- [WHAT TO WORK ON]:
Within the records below, filter for lines carrying the word "using" and copy them.

- [SOURCE DATA]:
(* Let $\lambda_*\in\mathbb C\setminus\{a_1,\dots,a_n\}$. If $(X,P),(\tilde X,\tilde P)\in T^*V_{n,r}$ and a symmetric $r\times r$ matrix $\Gamma=\Gamma(\lambda_* )$ satisfy the discrete Neumann equations $$P=A^{1/2}(\lambda_* )\tilde X-X\Gamma,\qquad \tilde P=-A^{1/2}(\lambda_* )X+\tilde X\Gamma,\qquad \Gamma=\tfrac12\big(\tilde X^TA^{1/2}(\lambda_* )X+X^TA^{1/2}(\lambda_* )\tilde X\big),$$ then for all $\lambda$ the intertwining relation $$\tilde L(\lambda)M(\lambda,\lambda_* )=M(\lambda,\lambda_* )L(\lambda),\qquad M(\lambda,\lambda_* )=\begin{pmatrix}-\Gamma&\mathbf I_r\\ (\lambda-\lambda_* )\mathbf I_r+\Gamma^2&-\Gamma\end{pmatrix}$$ holds. Conversely, up to the action of the group $\mathbb Z_2^n$ of reflections, the intertwining relation implies the discrete Neumann equations: if $(X,P),(\tilde X,\tilde P)\in T^*V_{n,r}$ and a symmetric $\Gamma$ satisfy the intertwining relation for all $\lambda$, then, after applying a suitable element of $\mathbb Z_2^n$ to $(\tilde X,\tilde P)$, the discrete Neumann equations hold.
   Context: $A=\mathrm{diag}(a_1,\dots,a_n)$ with distinct $a_i$, $A(\lambda)=\lambda\mathbf I_n-A$, and $A^{1/2}(\lambda_* )=\mathrm{diag}(\sqrt{\lambda_*-a_1},\dots,\sqrt{\lambda_*-a_n})$ for a fixed choice of square roots. $T^*V_{n,r}$ is the set of pairs of $n\times r$ matrices $(X,P)$ with $X^TX=\mathbf I_r$, $X^TP+P^TX=0$. $L(\lambda)=\begin{pmatrix} X^TA(\lambda)^{-1}P & X^TA(\lambda)^{-1}X\\ \mathbf I_r-P^TA(\lambda)^{-1}P & -P^TA(\lambda)^{-1}X\end{pmatrix}$ and $\tilde L(\lambda)$ is the same expression in $(\tilde X,\tilde P)$. The group $\mathbb Z_2^n$ acts by changing the sign of the $i$-th row of both matrices of a pair simultaneously, $i=1,\dots,n$. *)

theory Defs
  imports "HOL-Analysis.Analysis"
begin

definition diagm :: "('n::finite \<Rightarrow> complex) \<Rightarrow> complex^'n^'n" where
  "diagm d = (\<chi> i j. if i = j then d i else 0)"

definition Amat :: "('n::finite \<Rightarrow> complex) \<Rightarrow> complex \<Rightarrow> complex^'n^'n" where
  "Amat a lam = mat lam - diagm a"

text \<open>2r x 2r block matrix (B11 B12; B21 B22), indices Inl = first block, Inr = second.\<close>
definition blk :: "complex^'r^'r \<Rightarrow> complex^'r^'r \<Rightarrow> complex^'r^'r \<Rightarrow> complex^'r^'r
    \<Rightarrow> complex^('r + 'r)^('r + 'r)" where
  "blk B11 B12 B21 B22 = (\<chi> i j. case i of
      Inl i' \<Rightarrow> (case j of Inl j' \<Rightarrow> B11 $ i' $ j' | Inr j' \<Rightarrow> B12 $ i' $ j')
    | Inr i' \<Rightarrow> (case j of Inl j' \<Rightarrow> B21 $ i' $ j' | Inr j' \<Rightarrow> B22 $ i' $ j'))"

definition in_TVnr :: "complex^'r^'n \<Rightarrow> complex^'r^'n \<Rightarrow> bool" where
  "in_TVnr X P \<longleftrightarrow> transpose X ** X = mat 1 \<and> transpose X ** P + transpose P ** X = 0"

definition Lax :: "('n::finite \<Rightarrow> complex) \<Rightarrow> complex^'r^'n \<Rightarrow> complex^'r^'n \<Rightarrow> complex
    \<Rightarrow> complex^('r::finite + 'r)^('r + 'r)" where
  "Lax a X P lam = (let R = matrix_inv (Amat a lam) in
     blk (transpose X ** R ** P) (transpose X ** R ** X)
         (mat 1 - transpose P ** R ** P) (- (transpose P ** R ** X)))"

definition Mmat :: "complex^'r^'r \<Rightarrow> complex \<Rightarrow> complex \<Rightarrow> complex^('r::finite + 'r)^('r + 'r)" where
  "Mmat \<Gamma> lam lams = blk (- \<Gamma>) (mat 1) (mat (lam - lams) + \<Gamma> ** \<Gamma>) (- \<Gamma>)"

text \<open>Discrete Neumann equations, with A^{1/2}(lambda_*) = diagm s.\<close>
definition neumann :: "('n::finite \<Rightarrow> complex) \<Rightarrow> complex^'r^'n \<Rightarrow> complex^'r^'n
    \<Rightarrow> complex^'r^'n \<Rightarrow> complex^'r^'n \<Rightarrow> complex^'r^'r \<Rightarrow> bool" where
  "neumann s X P Xt Pt \<Gamma> \<longleftrightarrow>
     P = diagm s ** Xt - X ** \<Gamma> \<and>
     Pt = - (diagm s ** X) + Xt ** \<Gamma> \<and>
     \<Gamma> = mat (1/2 :: complex) ** (transpose Xt ** diagm s ** X + transpose X ** diagm s ** Xt)"

end

theory Submission
  imports Defs
begin

text \<open>
  Because A(\<lambda>) is diagonal, L(\<lambda>) = J + \<Sum>_i N_i / (\<lambda> - a_i) with J = (0 0; I 0), where the
  residue N_i is made of outer products of the i-th rows x_i, p_i of X and P. Since
  M(\<lambda>, \<lambda>*) = M(a_i, \<lambda>*) + (\<lambda> - a_i) J, the commutator L~(\<lambda>) M - M L(\<lambda>) equals
  \<Sum>_i R_i / (\<lambda> - a_i) plus the constant (X~^T X~ - I, 0; -(P~^T X~ + X^T P), I - X^T X),
  where R_i = N~_i M(a_i) - M(a_i) N_i. As the poles a_i are distinct, the intertwining relation
  forces every R_i to vanish; conversely the Neumann equations make both the residues and the
  constant vanish.

  With w = \<Gamma> x_i + p_i and w~ = p~_i - \<Gamma> x~_i, the blocks of R_i = 0 amount to
  w \<otimes> w = s_i^2 x~_i \<otimes> x~_i, w~ \<otimes> w~ = s_i^2 x_i \<otimes> x_i and x~_i \<otimes> w~ = - w \<otimes> x_i, whose
  solutions are exactly w = \<epsilon>_i s_i x~_i, w~ = - \<epsilon>_i s_i x_i with \<epsilon>_i = \<plusminus>1: the first two
  Neumann equations, row by row, up to the reflection \<epsilon>. The third Neumann equation follows
  from the first one and X^T P + P^T X = 0.
\<close>

lemma partial_fractions_residue_eq_0:
  fixes a r :: "'n::finite \<Rightarrow> 'a::real_normed_field"
  assumes inj: "inj a"
    and vanish: "\<And>z. z \<notin> range a \<Longrightarrow> (\<Sum>i\<in>UNIV. r i / (z - a i)) + c = 0"
  shows "r j = 0"
proof -
  \<comment> \<open>(z - a j) times the left-hand side, with the pole at a j cancelled\<close>
  define h where "h z = r j + (z - a j) * ((\<Sum>i\<in>UNIV-{j}. r i / (z - a i)) + c)" for z
  have "isCont h (a j)"
    unfolding h_def using inj by (intro continuous_intros) (auto dest: injD)
  then have "(h \<longlongrightarrow> h (a j)) (at (a j))"
    by (simp add: isCont_def)
  moreover have "\<forall>\<^sub>F z in at (a j). h z = 0"
  proof -
    have "\<forall>\<^sub>F z in at (a j). \<forall>i. z \<noteq> a i"
      by (intro eventually_all_finite) (simp add: eventually_neq_at_within)
    then show ?thesis
    proof (rule eventually_mono)
      fix z assume z: "\<forall>i. z \<noteq> a i"
      have "(z - a j) * (r j / (z - a j)) = r j"
        using z by simp
      moreover have "(z - a j) * ((\<Sum>i\<in>UNIV. r i / (z - a i)) + c) = 0"
        using vanish z by auto
      ultimately show "h z = 0"
        by (simp add: h_def sum.remove[of UNIV j] distrib_left add.assoc)
    qed
  qed
  then have "(h \<longlongrightarrow> 0) (at (a j))"
    by (rule tendsto_eventually)
  ultimately have "h (a j) = 0"
    by (rule tendsto_unique[rotated]) simp
  then show ?thesis
    by (simp add: h_def)
qed

lemma matrix_add_rdistrib: "(A + B) ** C = A ** C + B ** (C :: 'a::semiring_1^_^_)"
  by (simp add: vec_eq_iff matrix_matrix_mult_def sum.distrib distrib_right)

lemma matrix_diff_ldistrib: "A ** (B - C) = A ** B - A ** (C :: 'a::ring_1^_^_)"
  by (simp add: vec_eq_iff matrix_matrix_mult_def sum_subtractf right_diff_distrib)

lemma matrix_diff_rdistrib: "(A - B) ** C = A ** C - B ** (C :: 'a::ring_1^_^_)"
  by (simp add: vec_eq_iff matrix_matrix_mult_def sum_subtractf left_diff_distrib)

lemma matrix_neg_left: "(- A) ** B = - (A ** (B :: 'a::ring_1^_^_))"
  by (simp add: vec_eq_iff matrix_matrix_mult_def sum_negf)

lemma matrix_neg_right: "A ** (- B) = - (A ** (B :: 'a::ring_1^_^_))"
  by (simp add: vec_eq_iff matrix_matrix_mult_def sum_negf)

lemma matrix_sum_left: "(\<Sum>i\<in>S. A i) ** B = (\<Sum>i\<in>S. A i ** (B :: 'a::semiring_1^_^_))"
  by (induction S rule: infinite_finite_induct) (simp_all add: matrix_add_rdistrib)

lemma matrix_sum_right: "B ** (\<Sum>i\<in>S. A i) = (\<Sum>i\<in>S. (B :: 'a::semiring_1^_^_) ** A i)"
  by (induction S rule: infinite_finite_induct) (simp_all add: matrix_add_ldistrib)

lemma transpose_diff: "transpose (A - B) = transpose A - transpose B"
  by (simp add: vec_eq_iff transpose_def)

lemma matrix_inv_eqI:
  fixes A :: "'a::semiring_1^'n^'m"
  assumes "A ** B = mat 1" and "B ** A = mat 1"
  shows "matrix_inv A = B"
proof -
  have "A ** matrix_inv A = mat 1 \<and> matrix_inv A ** A = mat 1"
    unfolding matrix_inv_def by (rule someI[of _ B]) (use assms in blast)
  then have inv: "A ** matrix_inv A = mat 1" ..
  have "matrix_inv A = (B ** A) ** matrix_inv A"
    using assms(2) by simp
  also have "\<dots> = B"
    by (simp flip: matrix_mul_assoc add: inv)
  finally show ?thesis .
qed

lemma diagm_mult_row: "(diagm d ** Y) $ i = d i *s Y $ i"
  by (simp add: vec_eq_iff matrix_matrix_mult_def diagm_def if_distrib if_distribR sum.delta cong: if_cong)

lemma diagm_mult_diagm: "diagm d ** diagm e = diagm (\<lambda>i. d i * e i)"
  by (simp add: vec_eq_iff diagm_mult_row) (simp add: diagm_def)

- [EXERCISE ANSWER]:
    unfolding h_def using inj by (intro continuous_intros) (auto dest: injD)
        using z by simp
        using vanish z by auto
    using assms(2) by simp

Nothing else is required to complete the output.